De regering van de Bondsrepubliek Duitsland gaat ervan uit dat bovenstaande regeling
overeenkomstig artikel 1, lid 5 van de Overeenkomst bevestigd wordt door deze note
verbale en de antwoordnota van de Ambassade van het Koninkrijk der Nederlanden; zij
is het ermee eens dat de regeling, zoals voorgesteld, op 12 februari 1968 in werking
treedt en dat zij ten allen tijde langs diplomatieke weg kan worden opgezegd om dan
na zes maanden buiten werking te treden.”

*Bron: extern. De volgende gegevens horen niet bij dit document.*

lemma sat_EU_step:
  assumes "sat T u \<phi>" "c \<in> tchildren T u" "sat T c (EU \<phi> \<psi>)"
  shows "sat T u (EU \<phi> \<psi>)"
proof -
  obtain f j where f: "f 0 = c" "\<forall>k<j. f (Suc k) \<in> tchildren T (f k)"
    "sat T (f j) \<psi>" "\<forall>k<j. sat T (f k) \<phi>"
    using assms(3) by auto
  define g where "g k = (if k = 0 then u else f (k - 1))" for k
  have "g 0 = u" "sat T (g (Suc j)) \<psi>" by (simp_all add: g_def f(3))
  moreover have "\<forall>k<Suc j. g (Suc k) \<in> tchildren T (g k)" "\<forall>k<Suc j. sat T (g k) \<phi>"
    using f assms(1,2) by (auto simp: g_def less_Suc_eq_0_disj)
  ultimately show ?thesis unfolding sat.simps by blast
qed

lemma sat_EU_cases:
  assumes "sat T u (EU \<phi> \<psi>)"
  shows "sat T u \<psi> \<or> (sat T u \<phi> \<and> (\<exists>c \<in> tchildren T u. sat T c (EU \<phi> \<psi>)))"
proof -
  obtain f j where f: "f 0 = u" "\<forall>k<j. f (Suc k) \<in> tchildren T (f k)"
    "sat T (f j) \<psi>" "\<forall>k<j. sat T (f k) \<phi>"
    using assms by auto
  show ?thesis
  proof (cases j)
    case (Suc i)
    have "\<forall>k<i. f (Suc (Suc k)) \<in> tchildren T (f (Suc k))" "\<forall>k<i. sat T (f (Suc k)) \<phi>"
      using f(2,4) Suc by simp_all
    then have "sat T (f 1) (EU \<phi> \<psi>)"
      unfolding sat.simps using f(3) Suc by (intro exI[of _ "\<lambda>k. f (Suc k)"] exI[of _ i]) simp
    moreover have "f 1 \<in> tchildren T u" "sat T u \<phi>" using f(1,2,4) Suc by auto
    ultimately show ?thesis by blast
  qed (use f in simp)
qed

lemma sat_EU_iff:
  "sat T u (EU \<phi> \<psi>) \<longleftrightarrow> sat T u \<psi> \<or> (sat T u \<phi> \<and> (\<exists>c \<in> tchildren T u. sat T c (EU \<phi> \<psi>)))"
  using sat_EU_cases sat_EU_base sat_EU_step by metis

lemma EU_induct [consumes 1, case_names base step]:
  assumes "sat T u (EU \<phi> \<psi>)"
    and base: "\<And>w. sat T w \<psi> \<Longrightarrow> X w"
    and step: "\<And>w c. sat T w \<phi> \<Longrightarrow> c \<in> tchildren T w \<Longrightarrow> X c \<Longrightarrow> X w"
  shows "X u"
proof -
  obtain f j where f: "f 0 = u" "\<forall>k<j. f (Suc k) \<in> tchildren T (f k)"
    "sat T (f j) \<psi>" "\<forall>k<j. sat T (f k) \<phi>"
    using assms(1) by auto
  have "X (f (j - i))" if "i \<le> j" for i
    using that
  proof (induction i)
    case 0
    then show ?case using base f(3) by simp
  next
    case (Suc i)
    let ?k = "j - Suc i"
    have "?k < j" "Suc ?k = j - i" using Suc.prems by simp_all
    then have "X (f (Suc ?k))" using Suc by simp
    then show ?case using step f(2,4) \<open>?k < j\<close> by blast
  qed
  from this[of j] show ?thesis by (simp add: f(1))
qed

lemma sat_ES_iff:
  "sat T u (ES \<phi> \<psi>) \<longleftrightarrow> sat T u \<psi> \<or> (sat T u \<phi> \<and> u \<noteq> [] \<and> sat T (butlast u) (ES \<phi> \<psi>))"
proof
  assume "sat T u (ES \<phi> \<psi>)"
  then obtain j where j: "j \<le> length u" "sat T (take (length u - j) u) \<psi>"
    "\<forall>k<j. sat T (take (length u - k) u) \<phi>" by auto
  show "sat T u \<psi> \<or> (sat T u \<phi> \<and> u \<noteq> [] \<and> sat T (butlast u) (ES \<phi> \<psi>))"
  proof (cases j)
    case (Suc i)
    then have u: "u \<noteq> []" using j(1) by auto
    have "i \<le> length (butlast u)" using j(1) Suc by simp
    moreover have "sat T (take (length (butlast u) - i) (butlast u)) \<psi>"
      using j(2) Suc u by (simp add: take_butlast)
    moreover have "\<forall>k<i. sat T (take (length (butlast u) - k) (butlast u)) \<phi>"
      using j(3) Suc u by (simp add: take_butlast)
    ultimately have "sat T (butlast u) (ES \<phi> \<psi>)" by auto
    moreover have "sat T u \<phi>" using j(3) Suc by auto
    ultimately show ?thesis using u by blast
  qed (use j in simp)
next
  assume "sat T u \<psi> \<or> (sat T u \<phi> \<and> u \<noteq> [] \<and> sat T (butlast u) (ES \<phi> \<psi>))"
  then show "sat T u (ES \<phi> \<psi>)"
  proof
    assume "sat T u \<psi>"
    then show ?thesis by (auto intro: exI[of _ 0])
  next
    assume r: "sat T u \<phi> \<and> u \<noteq> [] \<and> sat T (butlast u) (ES \<phi> \<psi>)"
    then have u: "u \<noteq> []" by simp
    obtain j where j: "j \<le> length (butlast u)" "sat T (take (length u - Suc j) u) \<psi>"
      "\<forall>k<j. sat T (take (length u - Suc k) u) \<phi>"
      using r u by (auto simp: take_butlast)
    have "Suc j \<le> length u" using j(1) u by (cases u rule: rev_cases) auto
    moreover have "\<forall>k<Suc j. sat T (take (length u - k) u) \<phi>"
      using j(3) r by (auto simp: less_Suc_eq_0_disj)
    ultimately show ?thesis using j(2) by auto
  qed
qed

section \<open>Characterising formulas for linear automata\<close>

definition characterises :: "('ap, 'q) hta \<Rightarrow> 'q \<Rightarrow> 'ap pctl \<Rightarrow> bool" where
  "characterises A q \<phi> \<longleftrightarrow> (\<forall>T u. wf_tree T \<longrightarrow> u \<in> tdom T \<longrightarrow> (accepts_at A T q u \<longleftrightarrow> sat T u \<phi>))"

definition step_formula :: "('ap::finite, 'q) hta \<Rightarrow> ('q \<Rightarrow> 'ap pctl) \<Rightarrow> 'q \<Rightarrow> bool \<Rightarrow> 'ap pctl" where
  "step_formula A \<Phi> q b = case_formula (\<lambda>\<sigma> \<rho>. pbf_formula
     (\<lambda>a. if atom_state a = q then (if b then Truth else Falsity) else atom_formula \<Phi> a) (delta A q \<sigma> \<rho>))"

lemma sat_step_formula:
  "sat T u (step_formula A \<Phi> q b) \<longleftrightarrow> pbf_sat (\<lambda>a. if atom_state a = q then b else sat T u (atom_formula \<Phi> a))
     (delta A q (tlab T u) (u = []))"
  unfolding step_formula_def sat_case_formula sat_pbf_formula by (rule pbf_sat_cong) simp

lemma sat_step_formula_mono:
  "sat T u (step_formula A \<Phi> q False) \<Longrightarrow> sat T u (step_formula A \<Phi> q True)"
  unfolding sat_step_formula by (erule pbf_sat_mono[rotated]) simp

definition delta_states :: "('ap, 'q) hta \<Rightarrow> 'q \<Rightarrow> 'q set" where
  "delta_states A q = {atom_state a | a \<sigma> \<rho>. a \<in> pbf_atoms (delta A q \<sigma> \<rho>)}"

definition self_atoms :: "('ap, 'q) hta \<Rightarrow> 'q \<Rightarrow> 'q atom set" where
  "self_atoms A q = {a. \<exists>\<sigma> \<rho>. a \<in> pbf_atoms (delta A q \<sigma> \<rho>) \<and> atom_state a = q}"

lemma step_holds_iff_step_formula:
  assumes lower: "\<forall>q' \<in> delta_states A q - {q}. characterises A q' (\<Phi> q')"
    and self: "self_atoms A q \<subseteq> {self_atom}"
    and agree: "\<forall>q' v. q' \<noteq> q \<longrightarrow> ((q', v) \<in> S \<longleftrightarrow> accepts_at A T q' v)"
    and wf: "wf_tree T" and u: "u \<in> tdom T"
  shows "step_holds A T S q u \<longleftrightarrow> sat T u (step_formula A \<Phi> q False)
    \<or> (atom_holds T S u self_atom \<and> sat T u (step_formula A \<Phi> q True))"
proof -
  let ?b = "atom_holds T S u self_atom"
  have "step_holds A T S q u \<longleftrightarrow> sat T u (step_formula A \<Phi> q ?b)"
    unfolding step_holds_def sat_step_formula
  proof (rule pbf_sat_cong)
    fix a assume a: "a \<in> pbf_atoms (delta A q (tlab T u) (u = []))"
    show "atom_holds T S u a = (if atom_state a = q then ?b else sat T u (atom_formula \<Phi> a))"
    proof (cases "atom_state a = q")
      case False
      then have "characterises A (atom_state a) (\<Phi> (atom_state a))"
        using lower a by (auto simp: delta_states_def)
      then have "sat T u (atom_formula \<Phi> a) = atom_holds T {(q, v). sat T v (\<Phi> q)} u a"
        by (intro sat_atom_formula[OF wf u])
      also have "\<dots> = atom_holds T S u a"
        using \<open>characterises A (atom_state a) (\<Phi> (atom_state a))\<close> agree False
        by (intro atom_holds_cong[OF wf u]) (auto simp: characterises_def wf)
      finally show ?thesis using False by simp
    next
      case True
      then have "a = self_atom" using self a by (auto simp: self_atoms_def)
      then show ?thesis using True by simp
    qed
  qed
  then show ?thesis using sat_step_formula_mono[of T u A \<Phi> q] by (cases ?b) auto
qed

locale lower_characterised =
  fixes A :: "('ap::finite, 'q::countable) hta" and q :: 'q and \<Phi> :: "'q \<Rightarrow> 'ap pctl"
  assumes lower: "\<forall>q' \<in> delta_states A q - {q}. characterises A q' (\<Phi> q')"
begin

abbreviation G\<^sub>0 :: "'ap pctl" where "G\<^sub>0 \<equiv> step_formula A \<Phi> q False"
abbreviation G\<^sub>1 :: "'ap pctl" where "G\<^sub>1 \<equiv> step_formula A \<Phi> q True"

lemma accepts_at_iff:
  assumes "self_atoms A q \<subseteq> {self_atom}" and wf: "wf_tree T" and u: "u \<in> tdom T"
  shows "accepts_at A T q u \<longleftrightarrow> sat T u G\<^sub>0 \<or> (atom_holds T (accepted_pairs A T) u self_atom \<and> sat T u G\<^sub>1)"
  unfolding accepts_at_iff_step_holds[OF wf u]
  using lower assms by (intro step_holds_iff_step_formula) simp_all

lemma characterises_transient:
  assumes "type_ok A q Transient"
  shows "characterises A q G\<^sub>0"
  unfolding characterises_def
proof (intro allI impI)
  fix T :: "'ap stree" and u assume "wf_tree T" "u \<in> tdom T"
  \<comment> \<open>There are no self-atoms, so any atom may play the self-atom; \<open>Box 0 q\<close> never holds.\<close>
  moreover have "self_atoms A q \<subseteq> {Box 0 q}"
    using assms by (auto simp: self_atoms_def)
  ultimately show "accepts_at A T q u \<longleftrightarrow> sat T u G\<^sub>0" using accepts_at_iff by simp
qed

lemma self_atoms_existential: "type_ok A q Existential \<Longrightarrow> self_atoms A q \<subseteq> {Dia 1 q}"
  by (auto simp: self_atoms_def)

lemma accepts_at_iff_existential:
  assumes "type_ok A q Existential" "wf_tree T" "w \<in> tdom T"
  shows "accepts_at A T q w \<longleftrightarrow> sat T w G\<^sub>0 \<or> ((\<exists>c \<in> tchildren T w. accepts_at A T q c) \<and> sat T w G\<^sub>1)"
  using accepts_at_iff[OF self_atoms_existential assms(2,3)] assms(1)
  unfolding atom_holds_Dia_1 mem_accepted_pairs .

De Ambassade heeft de eer het Ministerie mede te delen, dat de Regering van het Koninkrijk
der Nederlanden er mede instemt, dat de note verbale van het Ministerie en deze antwoordnota
de in artikel 1, lid 5, van de Overeenkomst bedoelde bevestiging vormen van de in
het voorgaande aangehaalde briefwisseling tussen de Bondsminister van Financiën en
de Staatssecretaris van Financiën van het Koninkrijk der Nederlanden en dat de regeling
op 12 februari 1968 in werking treedt.
De Ambassade van het Koninkrijk der Nederlanden maakt van deze gelegenheid gebruik
het Ministerie van Buitenlandse Zaken opnieuw haar bijzondere hoogachting te betuigen.
Bonn, 7 februari 1968.
An das Auswärtige Amt
Bonn.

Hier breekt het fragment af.